#### Goal of the exercise:
Every line that holds the word "thesis" needs to be copied from the data below.

#### Data for this task:

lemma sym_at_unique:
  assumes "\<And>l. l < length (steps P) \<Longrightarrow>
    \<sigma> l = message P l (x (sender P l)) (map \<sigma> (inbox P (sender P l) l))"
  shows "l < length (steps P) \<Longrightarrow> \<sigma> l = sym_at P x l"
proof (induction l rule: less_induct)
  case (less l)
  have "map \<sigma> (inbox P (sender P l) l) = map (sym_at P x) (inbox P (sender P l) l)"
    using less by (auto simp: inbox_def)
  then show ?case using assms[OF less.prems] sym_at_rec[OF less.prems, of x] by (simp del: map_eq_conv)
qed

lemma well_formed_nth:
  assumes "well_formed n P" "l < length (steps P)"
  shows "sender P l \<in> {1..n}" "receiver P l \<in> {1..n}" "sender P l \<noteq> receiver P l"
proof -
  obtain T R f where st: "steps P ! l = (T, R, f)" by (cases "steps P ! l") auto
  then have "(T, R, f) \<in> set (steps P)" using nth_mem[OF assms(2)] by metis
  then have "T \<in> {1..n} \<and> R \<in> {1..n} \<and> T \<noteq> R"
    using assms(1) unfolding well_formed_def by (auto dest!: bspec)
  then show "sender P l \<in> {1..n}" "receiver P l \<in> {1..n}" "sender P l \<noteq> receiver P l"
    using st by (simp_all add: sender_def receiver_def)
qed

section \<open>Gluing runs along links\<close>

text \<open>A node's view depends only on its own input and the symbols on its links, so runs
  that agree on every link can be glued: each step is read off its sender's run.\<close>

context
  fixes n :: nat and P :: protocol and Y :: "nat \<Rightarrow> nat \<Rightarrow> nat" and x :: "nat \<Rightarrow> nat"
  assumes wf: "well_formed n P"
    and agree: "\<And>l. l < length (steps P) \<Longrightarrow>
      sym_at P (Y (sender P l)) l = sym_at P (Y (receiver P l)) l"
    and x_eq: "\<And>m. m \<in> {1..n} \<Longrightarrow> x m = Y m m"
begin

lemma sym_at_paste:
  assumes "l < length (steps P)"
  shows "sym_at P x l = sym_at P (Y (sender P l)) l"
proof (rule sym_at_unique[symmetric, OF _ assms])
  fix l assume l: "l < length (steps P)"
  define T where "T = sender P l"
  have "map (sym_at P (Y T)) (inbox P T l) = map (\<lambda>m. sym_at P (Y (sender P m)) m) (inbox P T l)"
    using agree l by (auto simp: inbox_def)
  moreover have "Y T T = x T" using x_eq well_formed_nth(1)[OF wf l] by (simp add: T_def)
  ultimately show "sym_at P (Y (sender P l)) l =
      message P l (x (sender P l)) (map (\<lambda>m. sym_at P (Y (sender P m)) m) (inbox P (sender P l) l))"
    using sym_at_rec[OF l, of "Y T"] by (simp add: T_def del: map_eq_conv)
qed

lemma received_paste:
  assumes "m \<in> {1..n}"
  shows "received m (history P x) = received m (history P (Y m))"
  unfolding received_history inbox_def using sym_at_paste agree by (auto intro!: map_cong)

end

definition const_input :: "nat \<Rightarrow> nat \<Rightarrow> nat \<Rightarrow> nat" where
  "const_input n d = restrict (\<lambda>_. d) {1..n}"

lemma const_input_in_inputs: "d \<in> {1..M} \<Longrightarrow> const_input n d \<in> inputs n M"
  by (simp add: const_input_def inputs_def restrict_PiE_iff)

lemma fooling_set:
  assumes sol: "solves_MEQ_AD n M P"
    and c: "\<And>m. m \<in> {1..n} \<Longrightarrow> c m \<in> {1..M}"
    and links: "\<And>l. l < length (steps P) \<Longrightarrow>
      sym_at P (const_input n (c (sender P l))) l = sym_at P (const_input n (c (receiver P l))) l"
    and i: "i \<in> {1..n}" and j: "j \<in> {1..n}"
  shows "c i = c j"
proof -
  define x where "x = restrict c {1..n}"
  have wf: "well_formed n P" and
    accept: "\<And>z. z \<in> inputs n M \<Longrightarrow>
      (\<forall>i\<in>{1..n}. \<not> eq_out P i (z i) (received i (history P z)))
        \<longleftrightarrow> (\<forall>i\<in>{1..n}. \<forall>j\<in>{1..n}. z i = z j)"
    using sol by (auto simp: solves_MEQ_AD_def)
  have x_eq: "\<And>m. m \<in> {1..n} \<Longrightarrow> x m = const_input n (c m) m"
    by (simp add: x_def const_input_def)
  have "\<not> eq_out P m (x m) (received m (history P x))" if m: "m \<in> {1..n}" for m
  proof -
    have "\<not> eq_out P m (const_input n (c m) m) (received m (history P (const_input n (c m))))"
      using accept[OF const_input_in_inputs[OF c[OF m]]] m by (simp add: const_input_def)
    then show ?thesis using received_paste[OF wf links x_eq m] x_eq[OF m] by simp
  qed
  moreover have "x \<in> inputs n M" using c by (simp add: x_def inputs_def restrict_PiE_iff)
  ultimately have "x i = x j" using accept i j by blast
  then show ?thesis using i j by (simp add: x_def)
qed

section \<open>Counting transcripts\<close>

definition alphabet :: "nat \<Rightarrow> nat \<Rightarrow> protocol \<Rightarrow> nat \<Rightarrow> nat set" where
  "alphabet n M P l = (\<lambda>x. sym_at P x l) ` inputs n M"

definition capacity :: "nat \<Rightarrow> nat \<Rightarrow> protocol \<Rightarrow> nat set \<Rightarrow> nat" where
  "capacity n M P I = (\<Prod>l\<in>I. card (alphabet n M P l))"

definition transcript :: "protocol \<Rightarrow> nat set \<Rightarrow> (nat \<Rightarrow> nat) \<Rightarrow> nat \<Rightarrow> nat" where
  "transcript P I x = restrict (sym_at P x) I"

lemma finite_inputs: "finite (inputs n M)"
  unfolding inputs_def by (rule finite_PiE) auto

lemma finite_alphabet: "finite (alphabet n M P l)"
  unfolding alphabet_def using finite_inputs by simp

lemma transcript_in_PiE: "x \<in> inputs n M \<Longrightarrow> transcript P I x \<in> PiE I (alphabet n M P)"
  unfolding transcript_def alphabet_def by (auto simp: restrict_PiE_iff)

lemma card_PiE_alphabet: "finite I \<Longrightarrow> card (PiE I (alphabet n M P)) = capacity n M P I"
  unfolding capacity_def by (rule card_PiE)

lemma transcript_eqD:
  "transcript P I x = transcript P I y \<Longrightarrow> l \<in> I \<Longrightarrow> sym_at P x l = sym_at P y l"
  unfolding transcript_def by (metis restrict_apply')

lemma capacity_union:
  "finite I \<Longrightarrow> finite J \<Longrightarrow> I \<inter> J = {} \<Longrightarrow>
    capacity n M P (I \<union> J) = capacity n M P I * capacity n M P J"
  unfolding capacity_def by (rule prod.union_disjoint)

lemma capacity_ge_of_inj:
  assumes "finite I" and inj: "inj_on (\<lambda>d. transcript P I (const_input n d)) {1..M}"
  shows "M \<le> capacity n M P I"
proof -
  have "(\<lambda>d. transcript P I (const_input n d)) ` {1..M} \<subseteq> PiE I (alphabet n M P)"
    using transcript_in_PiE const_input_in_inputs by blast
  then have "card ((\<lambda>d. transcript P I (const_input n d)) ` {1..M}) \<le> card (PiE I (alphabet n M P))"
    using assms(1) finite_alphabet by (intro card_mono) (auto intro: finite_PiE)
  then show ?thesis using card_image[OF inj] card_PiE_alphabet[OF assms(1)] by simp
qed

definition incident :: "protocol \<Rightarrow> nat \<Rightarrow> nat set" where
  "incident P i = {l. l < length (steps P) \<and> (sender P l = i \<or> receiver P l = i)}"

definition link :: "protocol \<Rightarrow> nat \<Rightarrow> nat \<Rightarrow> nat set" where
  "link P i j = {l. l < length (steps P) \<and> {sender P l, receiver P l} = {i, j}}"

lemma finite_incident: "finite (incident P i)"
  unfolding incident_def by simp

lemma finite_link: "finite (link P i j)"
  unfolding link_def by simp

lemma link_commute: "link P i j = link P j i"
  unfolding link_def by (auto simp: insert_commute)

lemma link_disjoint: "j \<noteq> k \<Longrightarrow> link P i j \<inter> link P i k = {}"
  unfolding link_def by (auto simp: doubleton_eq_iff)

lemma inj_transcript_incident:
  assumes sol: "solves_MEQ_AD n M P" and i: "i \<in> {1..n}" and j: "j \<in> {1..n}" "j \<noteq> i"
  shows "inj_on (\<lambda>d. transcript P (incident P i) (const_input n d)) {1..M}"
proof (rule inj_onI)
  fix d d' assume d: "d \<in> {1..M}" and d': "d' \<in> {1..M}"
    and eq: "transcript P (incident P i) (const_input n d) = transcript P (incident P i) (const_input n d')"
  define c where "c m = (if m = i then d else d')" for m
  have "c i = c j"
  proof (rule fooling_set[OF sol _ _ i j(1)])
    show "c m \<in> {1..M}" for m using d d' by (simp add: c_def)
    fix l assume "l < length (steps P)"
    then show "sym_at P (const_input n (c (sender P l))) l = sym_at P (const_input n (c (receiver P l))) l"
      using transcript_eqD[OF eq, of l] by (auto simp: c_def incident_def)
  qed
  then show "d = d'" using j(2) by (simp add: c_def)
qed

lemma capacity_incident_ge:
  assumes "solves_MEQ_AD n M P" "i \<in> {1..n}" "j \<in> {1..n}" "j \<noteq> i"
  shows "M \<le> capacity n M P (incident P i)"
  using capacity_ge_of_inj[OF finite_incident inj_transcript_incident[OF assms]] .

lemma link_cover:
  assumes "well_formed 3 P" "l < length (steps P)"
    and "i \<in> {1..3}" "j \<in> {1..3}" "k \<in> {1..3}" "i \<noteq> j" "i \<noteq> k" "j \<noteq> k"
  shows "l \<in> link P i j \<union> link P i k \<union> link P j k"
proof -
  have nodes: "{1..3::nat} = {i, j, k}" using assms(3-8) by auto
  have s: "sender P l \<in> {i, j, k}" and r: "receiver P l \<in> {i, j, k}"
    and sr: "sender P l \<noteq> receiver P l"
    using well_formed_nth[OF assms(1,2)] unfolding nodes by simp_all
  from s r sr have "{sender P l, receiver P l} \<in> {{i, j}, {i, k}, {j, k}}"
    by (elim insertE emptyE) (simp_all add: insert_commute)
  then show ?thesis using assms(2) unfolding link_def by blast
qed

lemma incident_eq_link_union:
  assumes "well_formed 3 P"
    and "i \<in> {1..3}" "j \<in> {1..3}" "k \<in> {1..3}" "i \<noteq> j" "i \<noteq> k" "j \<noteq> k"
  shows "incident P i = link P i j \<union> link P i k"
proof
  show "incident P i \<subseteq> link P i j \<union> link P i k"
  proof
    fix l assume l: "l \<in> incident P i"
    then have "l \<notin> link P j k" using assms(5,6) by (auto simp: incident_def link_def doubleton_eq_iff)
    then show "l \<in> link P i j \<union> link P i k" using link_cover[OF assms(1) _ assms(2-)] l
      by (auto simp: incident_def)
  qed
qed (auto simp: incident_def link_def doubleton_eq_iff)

#### Written answer:
    then show ?thesis using received_paste[OF wf links x_eq m] x_eq[OF m] by simp
  then show ?thesis using i j by (simp add: x_def)
  then show ?thesis using card_image[OF inj] card_PiE_alphabet[OF assms(1)] by simp
  then show ?thesis using assms(2) unfolding link_def by blast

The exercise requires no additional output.